From an online, reputation management perspective, this is a trend that marketers and hotel management need to manage proactively. Consumers don’t make decisions about where they’re going to travel to or book a stay in a vacuum – they turn to community-developed content and rating systems such as Trip Advisor and social media to make decisions about holiday destinations, hotels and leisure. This shift has led to many hotel and leisure groups developing active social media monitoring and communication strategies in order to stay on top of what’s being said about them online and making sure that both marketing and operational staff address feedback that has been given online.
An additional way in which operator can take full advantage of technology in this space is using it to communicate how well they are doing (in real time) with respect to their various environmental initiatives (such as real time electricity/water usage reporting, etc.)

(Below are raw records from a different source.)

(* Let $M_i\subseteq B(H_i)$ and $N_i\subseteq B(K_i)$, $i=1,2$, be finite-dimensional von Neumann algebras on finite-dimensional Hilbert spaces with $M_1\cong M_2$ and $N_1\cong N_2$. Then there is a one-to-one correspondence between quantum multi-relations on the pair $(M_1,N_1)$ and quantum multi-relations on the pair $(M_2,N_2)$.
   Context: For finite-dimensional von Neumann algebras $M\subseteq B(H)$, $N\subseteq B(K)$, a quantum multi-relation on $(M,N)$ is a linear subspace $V\subseteq B(H\otimes K)$ such that (1) $V\subseteq B(H)\otimes N$; (2) $V$ is an $(M'\otimes1)$–$(M'\otimes1)$ bimodule, where $M'$ is the commutant of $M$ in $B(H)$; (3) $(1\otimes Z(N))V\subseteq V$, where $Z(N)=N\cap N'$ is the center of $N$. *)

theory Defs
  imports "HOL-Analysis.Analysis"
begin

text \<open>Operators on the finite-dimensional Hilbert space complex^'a are represented
  by complex matrices complex^'a^'a (with matrix product **); the Hilbert space
  H tensor K is complex^('h \<times> 'k).\<close>

type_synonym 'a op = "complex^'a^'a"

definition cscale :: "complex \<Rightarrow> 'a::finite op \<Rightarrow> 'a op" where
  "cscale c A = (\<chi> i j. c * A $ i $ j)"

definition adj :: "'a::finite op \<Rightarrow> 'a op" where
  "adj A = (\<chi> i j. cnj (A $ j $ i))"

definition csubspace :: "'a::finite op set \<Rightarrow> bool" where
  "csubspace V \<longleftrightarrow> 0 \<in> V \<and> (\<forall>x\<in>V. \<forall>y\<in>V. x + y \<in> V) \<and> (\<forall>c. \<forall>x\<in>V. cscale c x \<in> V)"

definition cspan :: "'a::finite op set \<Rightarrow> 'a op set" where
  "cspan S = \<Inter>{V. csubspace V \<and> S \<subseteq> V}"

definition vN_algebra :: "'a::finite op set \<Rightarrow> bool" where
  "vN_algebra M \<longleftrightarrow> csubspace M \<and> mat 1 \<in> M \<and>
     (\<forall>x\<in>M. \<forall>y\<in>M. x ** y \<in> M) \<and> (\<forall>x\<in>M. adj x \<in> M)"

definition commutant :: "'a::finite op set \<Rightarrow> 'a op set" where
  "commutant M = {x. \<forall>a\<in>M. x ** a = a ** x}"

definition center :: "'a::finite op set \<Rightarrow> 'a op set" where
  "center M = M \<inter> commutant M"

definition star_iso :: "('a::finite op \<Rightarrow> 'b::finite op) \<Rightarrow> 'a op set \<Rightarrow> 'b op set \<Rightarrow> bool" where
  "star_iso \<phi> M N \<longleftrightarrow> bij_betw \<phi> M N \<and>
     (\<forall>x\<in>M. \<forall>y\<in>M. \<phi> (x + y) = \<phi> x + \<phi> y) \<and>
     (\<forall>c. \<forall>x\<in>M. \<phi> (cscale c x) = cscale c (\<phi> x)) \<and>
     (\<forall>x\<in>M. \<forall>y\<in>M. \<phi> (x ** y) = \<phi> x ** \<phi> y) \<and>
     (\<forall>x\<in>M. \<phi> (adj x) = adj (\<phi> x))"

definition vN_isomorphic :: "'a::finite op set \<Rightarrow> 'b::finite op set \<Rightarrow> bool" where
  "vN_isomorphic M N \<longleftrightarrow> (\<exists>\<phi>. star_iso \<phi> M N)"

definition tensor_op :: "'h::finite op \<Rightarrow> 'k::finite op \<Rightarrow> ('h \<times> 'k) op" where
  "tensor_op a b = (\<chi> p q. a $ fst p $ fst q * b $ snd p $ snd q)"

text \<open>B(H) \<otimes> N as the (algebraic = spatial in finite dimensions) tensor product.\<close>
definition BH_tensor :: "'k::finite op set \<Rightarrow> ('h::finite \<times> 'k) op set" where
  "BH_tensor N = cspan {tensor_op a b | a b. b \<in> N}"

definition quantum_multi_relation ::
  "'h::finite op set \<Rightarrow> 'k::finite op set \<Rightarrow> ('h \<times> 'k) op set \<Rightarrow> bool" where
  "quantum_multi_relation M N V \<longleftrightarrow>
     csubspace V \<and>
     V \<subseteq> BH_tensor N \<and>
     (\<forall>a\<in>commutant M. \<forall>b\<in>commutant M. \<forall>v\<in>V.
        tensor_op a (mat 1) ** v ** tensor_op b (mat 1) \<in> V) \<and>
     (\<forall>z\<in>center N. \<forall>v\<in>V. tensor_op (mat 1) z ** v \<in> V)"

end

theory Submission
  imports Defs
begin

text \<open>
  The two algebras are exchanged one at a time.

  A *-isomorphism \<psi> : N1 \<rightarrow> N2 applied to each block X_ij \<in> N1 of an operator
  X \<in> B(H) \<otimes> N1 commutes with the actions of M' \<otimes> 1 and 1 \<otimes> Z(N), so V \<mapsto> \<psi>(V) is a
  bijection of quantum multi-relations.

  For a *-isomorphism \<phi> : M1 \<rightarrow> M2 consider the intertwiners A = {c. \<forall>x\<in>M1. c x = \<phi>(x) c}
  and B = {d. \<forall>x\<in>M1. d \<phi>(x) = x d}. Then B A \<subseteq> M1', A B \<subseteq> M2', M2' A M1' \<subseteq> A,
  M1' B M2' \<subseteq> B, and there are c_k \<in> A, d_k \<in> B with \<Sum> c_k d_k = 1 (and symmetrically
  \<Sum> d_k c_k = 1). Hence V \<mapsto> span ((A \<otimes> 1) V (B \<otimes> 1)) is a bijection with inverse
  W \<mapsto> span ((B \<otimes> 1) W (A \<otimes> 1)). The c_k come from the unital left M1-module map
  G = \<phi> \<circ> E, where E is the orthogonal projection onto M1: the matrices s with i-th column
  G(e_ij) e_s are intertwiners, S = \<Sum> s s^* commutes with M2 and is injective because
  G(1) = 1, and c = S^(-1) s, d = s^*.
\<close>

section \<open>Matrices, complex subspaces and *-isomorphisms\<close>

definition conj_transpose :: "complex^'n^'m \<Rightarrow> complex^'m^'n" where
  "conj_transpose A = (\<chi> i j. cnj (A $ j $ i))"

lemma adj_eq_conj_transpose: "adj A = conj_transpose A"
  by (simp add: adj_def conj_transpose_def)

lemma conj_transpose_conj_transpose [simp]: "conj_transpose (conj_transpose A) = A"
  by (simp add: conj_transpose_def vec_eq_iff)

lemma conj_transpose_mult:
  "conj_transpose (A ** B) = conj_transpose B ** conj_transpose A"
  by (simp add: conj_transpose_def matrix_matrix_mult_def vec_eq_iff mult.commute)

definition tensor_mat :: "complex^'n^'m \<Rightarrow> complex^'l^'k \<Rightarrow> complex^('n \<times> 'l)^('m \<times> 'k)" where
  "tensor_mat a b = (\<chi> p q. a $ fst p $ fst q * b $ snd p $ snd q)"

lemma tensor_op_eq_tensor_mat: "tensor_op a b = tensor_mat a b"
  by (simp add: tensor_op_def tensor_mat_def)

lemma tensor_mat_mult: "tensor_mat a b ** tensor_mat c d = tensor_mat (a ** c) (b ** d)"
proof -
  have "(\<Sum>r\<in>UNIV. a $ fst p $ fst r * b $ snd p $ snd r * (c $ fst r $ fst q * d $ snd r $ snd q))
      = (\<Sum>i\<in>UNIV. a $ fst p $ i * c $ i $ fst q) * (\<Sum>j\<in>UNIV. b $ snd p $ j * d $ j $ snd q)"
    for p q
    by (simp add: sum_product sum.cartesian_product UNIV_Times_UNIV[symmetric] case_prod_beta
        del: UNIV_Times_UNIV) (simp add: ac_simps)
  then show ?thesis
    by (simp add: tensor_mat_def matrix_matrix_mult_def vec_eq_iff)
qed

lemma tensor_mat_mult_ampliation:
  "tensor_mat (a ** c) (mat 1) = tensor_mat a (mat 1) ** tensor_mat c (mat 1)"
  by (simp add: tensor_mat_mult)

lemma tensor_mat_one: "tensor_mat (mat 1) (mat 1) = mat 1"
  by (auto simp: tensor_mat_def mat_def vec_eq_iff prod_eq_iff)

lemma tensor_mat_sum_left: "tensor_mat (\<Sum>i\<in>I. f i) b = (\<Sum>i\<in>I. tensor_mat (f i) b)"
  by (induction I rule: infinite_finite_induct)
    (simp_all add: tensor_mat_def vec_eq_iff distrib_right)

lemma sum_matrix_mul: "(\<Sum>i\<in>I. f i) ** B = (\<Sum>i\<in>I. f i ** B)"
  by (induction I rule: infinite_finite_induct)
    (simp_all add: matrix_matrix_mult_def vec_eq_iff sum.distrib distrib_right)

lemma matrix_mul_sum: "A ** (\<Sum>i\<in>I. f i) = (\<Sum>i\<in>I. A ** f i)"
  by (induction I rule: infinite_finite_induct) (simp_all add: matrix_add_ldistrib)

lemma matrix_add_rdistrib: "(A + B) ** C = A ** C + B ** C"
  by (simp add: matrix_matrix_mult_def vec_eq_iff sum.distrib distrib_right)

lemma matrix_diff_ldistrib: "A ** (B - C) = A ** B - A ** (C :: complex^_^_)"
  by (simp add: matrix_matrix_mult_def vec_eq_iff sum_subtractf right_diff_distrib)

lemma matrix_mul_cscale_mul: "P ** cscale c Y ** Q = cscale c (P ** Y ** Q)"
  by (simp add: cscale_def matrix_matrix_mult_def vec_eq_iff sum_distrib_left ac_simps)

lemma matrix_mul_add_mul: "P ** (Y + Z) ** Q = P ** Y ** Q + P ** Z ** Q"
  by (simp add: matrix_add_ldistrib matrix_add_rdistrib)

lemma csubspace_cspan: "csubspace (cspan S)"
  unfolding csubspace_def cspan_def by auto

lemma cspan_superset: "S \<subseteq> cspan S"
  unfolding cspan_def by auto

lemma cspan_minimal: "csubspace W \<Longrightarrow> S \<subseteq> W \<Longrightarrow> cspan S \<subseteq> W"
  unfolding cspan_def by auto

lemma csubspace_sum: "csubspace W \<Longrightarrow> (\<And>i. i \<in> I \<Longrightarrow> f i \<in> W) \<Longrightarrow> sum f I \<in> W"
  by (induction I rule: infinite_finite_induct) (auto simp: csubspace_def)

lemma csubspace_diff:
  assumes W: "csubspace W" and x: "x \<in> W" and y: "y \<in> W"
  shows "x - y \<in> W"
proof -
  have "cscale (-1) y = - y"
    by (simp add: cscale_def vec_eq_iff)
  then show ?thesis
    using W x y unfolding csubspace_def by (metis diff_conv_add_uminus)
qed

lemma csubspace_imp_subspace:
  fixes W :: "'a::finite op set"
  assumes "csubspace W"
  shows "subspace W"
proof -
  have "scaleR r x = cscale (of_real r) x" for r and x :: "'a op"
    by (simp add: cscale_def vec_eq_iff) (metis scaleR_conv_of_real)
  with assms show ?thesis
    by (simp add: subspace_def csubspace_def)
qed

lemma cspan_map_into:
  assumes add: "\<And>x y. f (x + y) = f x + f y" and scale: "\<And>c x. f (cscale c x) = cscale c (f x)"
    and W: "csubspace W" and S: "\<And>x. x \<in> S \<Longrightarrow> f x \<in> W" and x: "x \<in> cspan S"
  shows "f x \<in> W"
proof -
  have "f 0 = 0" using add[of 0 0] by simp
  with W have "csubspace {x. f x \<in> W}"
    unfolding csubspace_def by (auto simp: add scale)
  with S have "cspan S \<subseteq> {x. f x \<in> W}"
    by (intro cspan_minimal) auto
  with x show ?thesis by auto
qed

lemma csubspace_image:
  assumes V: "csubspace V"
    and add: "\<And>x y. x \<in> V \<Longrightarrow> y \<in> V \<Longrightarrow> f (x + y) = f x + f y"
    and scale: "\<And>c x. x \<in> V \<Longrightarrow> f (cscale c x) = cscale c (f x)"
  shows "csubspace (f ` V)"
  unfolding csubspace_def
proof (intro conjI ballI allI)
  have "0 \<in> V" and "f 0 = 0"
    using V add[of 0 0] by (simp_all add: csubspace_def)
  then show "0 \<in> f ` V"
    by (metis image_eqI)
next
  fix y y' assume "y \<in> f ` V" "y' \<in> f ` V"
  then obtain x x' where "x \<in> V" "x' \<in> V" "y = f x" "y' = f x'"
    by auto
  with V show "y + y' \<in> f ` V"
    by (simp add: csubspace_def add[symmetric])
next
  fix c y assume "y \<in> f ` V"
  then obtain x where "x \<in> V" "y = f x"
    by auto
  with V show "cscale c y \<in> f ` V"
    by (simp add: csubspace_def scale[symmetric])
qed
lemma exp_taylor3_perturbation:
  fixes L Y z u v w :: real
  assumes "0 \<le> L" "0 \<le> Y" "Y \<le> 1/2"
    and u: "\<bar>u\<bar> \<le> L * Y^3 / 6" and v: "\<bar>v\<bar> \<le> L * Y^4 / 8" and w: "\<bar>w\<bar> \<le> L * Y^5 / 20"
    and z: "\<bar>z - (u + v)\<bar> \<le> 2 * L * Y^6"
  shows "\<bar>exp z - (exp_taylor3 u + v + u * v - u * w)\<bar>
    \<le> 2 * exp (L * Y^2 / 4) * (L * Y^6 + L^2 * Y^8 + L^3 * Y^10 + L^4 * Y^12)"
proof -
  define c where "c = L * Y^3 / 2"
  have half: "Y ^ Suc n \<le> Y ^ n / 2" for n
    using mult_left_mono[OF \<open>Y \<le> 1/2\<close>, of "Y ^ n"] \<open>0 \<le> Y\<close> by (simp add: mult.commute)
  note half = half[of 2] half[of 3] half[of 4] half[of 5] half[of 8] half[of 10] half[of 11]
  have Y: "Y^4 \<le> Y^3 / 2" "Y^6 \<le> Y^3 / 8" "Y^3 \<le> Y^2 / 2" "Y^9 \<le> Y^8" "Y^12 \<le> Y^10"
    using half power_decreasing[of 8 9 Y] power_decreasing[of 10 12 Y] assms(2,3) by simp_all
  have "\<bar>u\<bar> + \<bar>v\<bar> \<le> c / 2"
    using u v mult_left_mono[OF Y(1) assms(1)] by (simp add: c_def)
  moreover have "2 * L * Y^6 \<le> c / 2"
    using mult_left_mono[OF Y(2) assms(1)] by (simp add: c_def)
  ultimately have "\<bar>u\<bar> + \<bar>v\<bar> \<le> c" "\<bar>z\<bar> \<le> c"
    using z abs_triangle_ineq[of "z - (u + v)" "u + v"] abs_triangle_ineq[of u v] by linarith+
  have "0 \<le> c" "c \<le> L * Y^2 / 4"
    using mult_left_mono[OF Y(3) assms(1)] \<open>\<bar>z\<bar> \<le> c\<close> by (simp_all add: c_def)
  have E1: "exp c * c^4 / 24 \<le> exp (L * Y^2 / 4) * (L^4 * Y^12)"
  proof -
    have "c^4 = L^4 * Y^12 / 16"
      unfolding c_def by (simp add: field_simps; algebra)
    moreover have "0 \<le> L^4 * Y^12"
      using \<open>0 \<le> L\<close> \<open>0 \<le> Y\<close> by simp
    ultimately have "c^4 / 24 \<le> L^4 * Y^12"
      by linarith
    moreover have "exp c \<le> exp (L * Y^2 / 4)"
      using \<open>c \<le> L * Y^2 / 4\<close> by simp
    ultimately have "exp c * (c^4 / 24) \<le> exp (L * Y^2 / 4) * (L^4 * Y^12)"
      using \<open>0 \<le> c\<close> by (intro mult_mono) auto
    then show ?thesis by simp
  qed
  have E2: "(1 + c + c^2/2) * \<bar>z - (u + v)\<bar> \<le> 2 * (L * Y^6) + L^2 * Y^8 + L^3 * Y^10"
  proof -
    have "(1 + c + c^2/2) * \<bar>z - (u + v)\<bar> \<le> (1 + c + c^2/2) * (2 * L * Y^6)"
      using z \<open>0 \<le> c\<close> by (intro mult_left_mono) auto
    also have "\<dots> = 2 * (L * Y^6) + L^2 * Y^9 + L^3 * Y^12 / 4"
      unfolding c_def by (simp add: field_simps; algebra)
    also have "\<dots> \<le> 2 * (L * Y^6) + L^2 * Y^8 + L^3 * Y^10"
    proof -
      have "0 \<le> L^3 * Y^12" using \<open>0 \<le> L\<close> \<open>0 \<le> Y\<close> by simp
      then show ?thesis
        using mult_left_mono[OF Y(4) zero_le_power2[of L]] mult_left_mono[OF Y(5) zero_le_power[OF \<open>0 \<le> L\<close>, of 3]]
        by linarith
    qed
    finally show ?thesis .
  qed
  have E3: "\<bar>v\<bar> * (\<bar>v\<bar> + c^2) / 2 \<le> L^2 * Y^8 / 128 + L^3 * Y^10 / 64"
  proof -
    have "\<bar>v\<bar> * (\<bar>v\<bar> + c^2) / 2 \<le> (L * Y^4 / 8) * (L * Y^4 / 8 + c^2) / 2"
      using v by (intro divide_right_mono mult_mono add_right_mono) auto
    also have "\<dots> = L^2 * Y^8 / 128 + L^3 * Y^10 / 64"
      unfolding c_def by (simp add: field_simps; algebra)
    finally show ?thesis .
  qed
  have E4: "\<bar>u * w\<bar> \<le> L^2 * Y^8 / 120"
  proof -
    have "\<bar>u * w\<bar> \<le> (L * Y^3 / 6) * (L * Y^5 / 20)"
      unfolding abs_mult using u w by (intro mult_mono) auto
    also have "\<dots> = L^2 * Y^8 / 120"
      by (simp add: field_simps; algebra)
    finally show ?thesis .
  qed
  define S where "S = L * Y^6 + L^2 * Y^8 + L^3 * Y^10"
  have "0 \<le> S" "0 \<le> L^4 * Y^12"
    using \<open>0 \<le> L\<close> \<open>0 \<le> Y\<close> by (simp_all add: S_def)
  moreover have "1 \<le> exp (L * Y^2 / 4)"
    using \<open>0 \<le> L\<close> by simp
  ultimately have "S \<le> exp (L * Y^2 / 4) * S" "0 \<le> exp (L * Y^2 / 4) * (L^4 * Y^12)"
    by (simp_all add: mult_le_cancel_right1)
  moreover have "0 \<le> L^2 * Y^8" "0 \<le> L^3 * Y^10"
    using \<open>0 \<le> L\<close> \<open>0 \<le> Y\<close> by simp_all
  ultimately have "\<bar>exp z - (exp_taylor3 u + v + u * v - u * w)\<bar>
      \<le> 2 * (exp (L * Y^2 / 4) * S) + 2 * (exp (L * Y^2 / 4) * (L^4 * Y^12))"
    using exp_taylor3_perturbation_bound[OF \<open>\<bar>z\<bar> \<le> c\<close> \<open>\<bar>u\<bar> + \<bar>v\<bar> \<le> c\<close>, of w] E1 E2 E3 E4 S_def
    by linarith
  then show ?thesis
    by (simp add: S_def algebra_simps)
qed

text \<open>The sum of the two polynomials below is \<open>exp_taylor3 u + v + u * v - u * w\<close> with \<open>u = L y^3/6\<close>,
  \<open>v = L (y^5/20 - y^4/12)\<close> and \<open>w = L y^5/20\<close>: the terms of the cubic Taylor polynomial of
  \<open>exp (L (y^2/2 - bennett_h y)) \<approx> exp (u + v)\<close> that matter up to relative order \<open>1/L\<close>.\<close>

definition laplace_even :: "real \<Rightarrow> real \<Rightarrow> real" where
  "laplace_even L y = 1 - L * y^4 / 12 + L^2 * y^6 / 72"

definition laplace_odd :: "real \<Rightarrow> real \<Rightarrow> real" where
  "laplace_odd L y = L * y^3 / 6 + L * y^5 / 20 - L^2 * y^7 / 72 + L^3 * y^9 / 1296"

Converged LANs to support multiple services
Converged local area networks (LANs) will also help hotels to create more intelligent buildings. A variety of computer-based building services can be automated in order to control lighting, refrigeration, air-conditioning and heating. Besides reducing energy consumption, converged LANs can also be set up to provide a smarter, more personal experience. If a guest is known to prefer his or her room temperature at 18°C with the lights dimmed to 65%, for example, this can be programmed before the guest checks in at the hotel.
Integrated, seamless experiences
Technology doesn’t mean that customer experience can only happen online and through devices, check-ins and online comments. All of these experiences need to be part of an integrated, dynamic system so that the guests’ experiences are at the forefront of the marketing and
operational team’s mind. If a guest leaves a comment about their stay when they check-out of the hotel, for example, the right people need to reply and acknowledge this type of communication. If a guest leaves a complaint about not being able to stream mobile content during their stay, then processes should be put in place to ensure the right person follows up by communicating with the guest and solving the problem at the hotel.
Marketing, management and hotel developers can no longer work in silos and these technology trends are giving them the opportunities, tools and solutions they need to create memorable experiences that can lead to positive change and growth in the industry.